= Rose Butler =

American arsonist

Rose Butler (November 1799 – July 9, 1819) was an enslaved domestic worker in New York City. In 1819, she was hanged for arson. At the time, the only capital crimes in New York State were first degree arson and murder. Butler was the penultimate person executed in New York State for arson. The last person to be executed for arson in the state was a white man named Horace Conkling in 1851.

== Early life ==
Butler was born in November 1799, in Mount Pleasant, New York. She was described as intelligent and having had "the benefit of instruction". She was enslaved by a one Colonel Straing in Mount Pleasant, before being sold as a slave to various other households. She was later enslaved by Abraham Child at his home in New York City.

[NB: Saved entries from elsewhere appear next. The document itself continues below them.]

(* Let $(\psi,p,A)$ be a regular normal extremal containing an interior three-bang block $X(\tau_X)\,Y(\ell)\,X(\tau_X)$, i.e. three consecutive arcs, an $X$-arc of length $\tau_X=\pi/\sin\gamma$, a $Y$-arc of length $\ell\in(0,2\pi)$, and an $X$-arc of length $\tau_X$, whose initial and final times are both switching times. If the reduced data at the initial time of the block are $(0,a,b)$ with $a\neq0$, then the reduced data at its final time are $(0,-a,b)$, i.e. the same as those produced by a single switching-to-switching $Y$-arc started from $(0,a,b)$, while the block has total length $2\pi/\sin\gamma+\ell$, strictly larger than the length (in $(0,2\pi)$) of that $Y$-arc. Consequently, such an interior $XYX$ block cannot occur on a regular normal time-optimal extremal.
   Context: Fix $\gamma\in(0,\pi/2)$, $s=\sin\gamma$, $c=\cos\gamma$, and $X=\begin{pmatrix}0&s^2&sc\\-s^2&0&0\\-sc&0&0\end{pmatrix}$, $Y=\begin{pmatrix}0&1&0\\-1&0&0\\0&0&0\end{pmatrix}$ on $\mathbb R^3$ with standard basis $e_1,e_2,e_3$ and standard inner product. Let $\Sigma=\{\psi:\langle e_3,\psi\rangle=0\}$, $\psi_0=(0,s,c)^\top$. Time-optimal problem: over piecewise constant controls $A:[0,T]\to\{X,Y\}$ with finitely many discontinuities (switching times) and trajectories $\dot\psi=A(t)\psi$, $\psi(0)=\psi_0$, minimize $T$ subject to $\psi(T)\in\Sigma$. Maximal intervals on which $A\equiv X$ (resp. $Y$) are $X$-arcs (resp. $Y$-arcs), also called bangs. A normal extremal is such a trajectory with a nonzero absolutely continuous costate $p$ satisfying $\dot p=-A(t)^\top p$ and, for a.e. $t$, $\langle p,A(t)\psi\rangle-1=\max_{B\in\{X,Y\}}(\langle p,B\psi\rangle-1)$. Let $F_1=X-Y$, $F_2=[X,Y]$, $F_3=[Y,[X,Y]]$, and reduced data $(\phi_1,\phi_2,\phi_3)$ with $\phi_i=\langle p,F_i\psi\rangle$; the switching function is $\Phi=\phi_1$. A normal extremal is regular (bang–bang) if $\Phi$ vanishes only at isolated times and at every switching time $\phi_1=0$ and $\phi_2\neq 0$. Time-optimal means the trajectory solves the minimization problem. *)

theory Defs
  imports "HOL-Analysis.Analysis"
begin

definition Xm :: "real \<Rightarrow> real^3^3" where
  "Xm \<gamma> = (let s = sin \<gamma>; c = cos \<gamma> in
     vector [vector [0, s^2, s*c], vector [- (s^2), 0, 0], vector [- (s*c), 0, 0]])"

definition Ym :: "real^3^3" where
  "Ym = vector [vector [0, 1, 0], vector [-1, 0, 0], vector [0, 0, 0]]"

definition psi0 :: "real \<Rightarrow> real^3" where
  "psi0 \<gamma> = vector [0, sin \<gamma>, cos \<gamma>]"

definition in_Sigma :: "real^3 \<Rightarrow> bool" where
  "in_Sigma \<psi> \<longleftrightarrow> inner (axis 3 1) \<psi> = 0"

definition F1 :: "real \<Rightarrow> real^3^3" where "F1 \<gamma> = Xm \<gamma> - Ym"
definition F2 :: "real \<Rightarrow> real^3^3" where "F2 \<gamma> = Xm \<gamma> ** Ym - Ym ** Xm \<gamma>"
definition F3 :: "real \<Rightarrow> real^3^3" where "F3 \<gamma> = Ym ** F2 \<gamma> - F2 \<gamma> ** Ym"

definition reduced :: "real \<Rightarrow> (real \<Rightarrow> real^3) \<Rightarrow> (real \<Rightarrow> real^3) \<Rightarrow> real \<Rightarrow> real \<times> real \<times> real" where
  "reduced \<gamma> \<psi> p t =
     (inner (p t) (F1 \<gamma> *v \<psi> t), inner (p t) (F2 \<gamma> *v \<psi> t), inner (p t) (F3 \<gamma> *v \<psi> t))"

definition trajectory_with ::
  "real \<Rightarrow> (real \<Rightarrow> real^3^3) \<Rightarrow> real \<Rightarrow> (real \<Rightarrow> real^3) \<Rightarrow> real set \<Rightarrow> bool" where
  "trajectory_with \<gamma> A T \<psi> S \<longleftrightarrow>
     0 \<le> T \<and> finite S \<and>
     (\<forall>t\<in>{0..T}. A t \<in> {Xm \<gamma>, Ym}) \<and>
     (\<forall>t\<in>{0..T} - S. \<exists>e>0. \<forall>t'\<in>{0..T}. \<bar>t' - t\<bar> < e \<longrightarrow> A t' = A t) \<and>
     continuous_on {0..T} \<psi> \<and> \<psi> 0 = psi0 \<gamma> \<and>
     (\<forall>t\<in>{0..T} - S. (\<psi> has_vector_derivative (A t *v \<psi> t)) (at t within {0..T}))"

definition trajectory :: "real \<Rightarrow> (real \<Rightarrow> real^3^3) \<Rightarrow> real \<Rightarrow> (real \<Rightarrow> real^3) \<Rightarrow> bool" where
  "trajectory \<gamma> A T \<psi> \<longleftrightarrow> (\<exists>S. trajectory_with \<gamma> A T \<psi> S)"

definition time_optimal :: "real \<Rightarrow> (real \<Rightarrow> real^3^3) \<Rightarrow> real \<Rightarrow> (real \<Rightarrow> real^3) \<Rightarrow> bool" where
  "time_optimal \<gamma> A T \<psi> \<longleftrightarrow>
     trajectory \<gamma> A T \<psi> \<and> in_Sigma (\<psi> T) \<and>
     (\<forall>A' T' \<psi>'. trajectory \<gamma> A' T' \<psi>' \<and> in_Sigma (\<psi>' T') \<longrightarrow> T \<le> T')"

definition normal_extremal ::
  "real \<Rightarrow> (real \<Rightarrow> real^3^3) \<Rightarrow> real \<Rightarrow> (real \<Rightarrow> real^3) \<Rightarrow> (real \<Rightarrow> real^3) \<Rightarrow> bool" where
  "normal_extremal \<gamma> A T \<psi> p \<longleftrightarrow>
     (\<exists>S. trajectory_with \<gamma> A T \<psi> S \<and>
        continuous_on {0..T} p \<and> (\<exists>t\<in>{0..T}. p t \<noteq> 0) \<and>
        (\<forall>t\<in>{0..T} - S. (p has_vector_derivative (- (transpose (A t) *v p t))) (at t within {0..T}))) \<and>
     (AE t in lborel. t \<in> {0..T} \<longrightarrow>
        (\<forall>B\<in>{Xm \<gamma>, Ym}. inner (p t) (B *v \<psi> t) - 1 \<le> inner (p t) (A t *v \<psi> t) - 1))"

definition switching_time :: "(real \<Rightarrow> real^3^3) \<Rightarrow> real \<Rightarrow> real \<Rightarrow> bool" where
  "switching_time A T t \<longleftrightarrow> t \<in> {0<..<T} \<and>
     \<not> (\<exists>e>0. \<exists>B. \<forall>t'. 0 < \<bar>t' - t\<bar> \<and> \<bar>t' - t\<bar> < e \<longrightarrow> A t' = B)"

definition regular ::
  "real \<Rightarrow> (real \<Rightarrow> real^3^3) \<Rightarrow> real \<Rightarrow> (real \<Rightarrow> real^3) \<Rightarrow> (real \<Rightarrow> real^3) \<Rightarrow> bool" where
  "regular \<gamma> A T \<psi> p \<longleftrightarrow>
     (\<forall>t\<in>{0..T}. fst (reduced \<gamma> \<psi> p t) = 0 \<longrightarrow>
        (\<exists>e>0. \<forall>t'\<in>{0..T}. 0 < \<bar>t' - t\<bar> \<and> \<bar>t' - t\<bar> < e \<longrightarrow> fst (reduced \<gamma> \<psi> p t') \<noteq> 0)) \<and>
     (\<forall>t. switching_time A T t \<longrightarrow>
        fst (reduced \<gamma> \<psi> p t) = 0 \<and> fst (snd (reduced \<gamma> \<psi> p t)) \<noteq> 0)"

In 1817, she was sold to William L. Morris.

== Arson conviction and death sentence ==
In 1819, Butler was arrested for arson. She was charged with attempting to burn down the family home with the family inside; the damage was minor, but she was convicted and sentenced to death. The New York Supreme Court, after an appeal, ruled that what she did constituted first degree arson. After incarceration at the Bridewell prison, she was hanged near present-day Washington Square Park, from a gallows in the city's potter's field, on the eastern side of Minetta Creek, about 500 ft from the Hangman's Elm. The hanging attracted an estimated 10,000 spectators.

The following doggerel lines were recalled 50 years later as having been "chalked about the fences":
Rose Butler sat upon a bench—

Down drop't the trap and hanged a negro wench.

==Media==
- Rose Dies Friday (2019) by Annette Daniels Taylor, a short film (8:21) whose creator calls it a "cinematic poem".

== Archival material ==
The New-York Historical Society holds "a confession, statements, and an affidavit", a total of seven items. Included is a statement of Eliza Duell, a white woman placed in the apartment holding Butler during her arrest.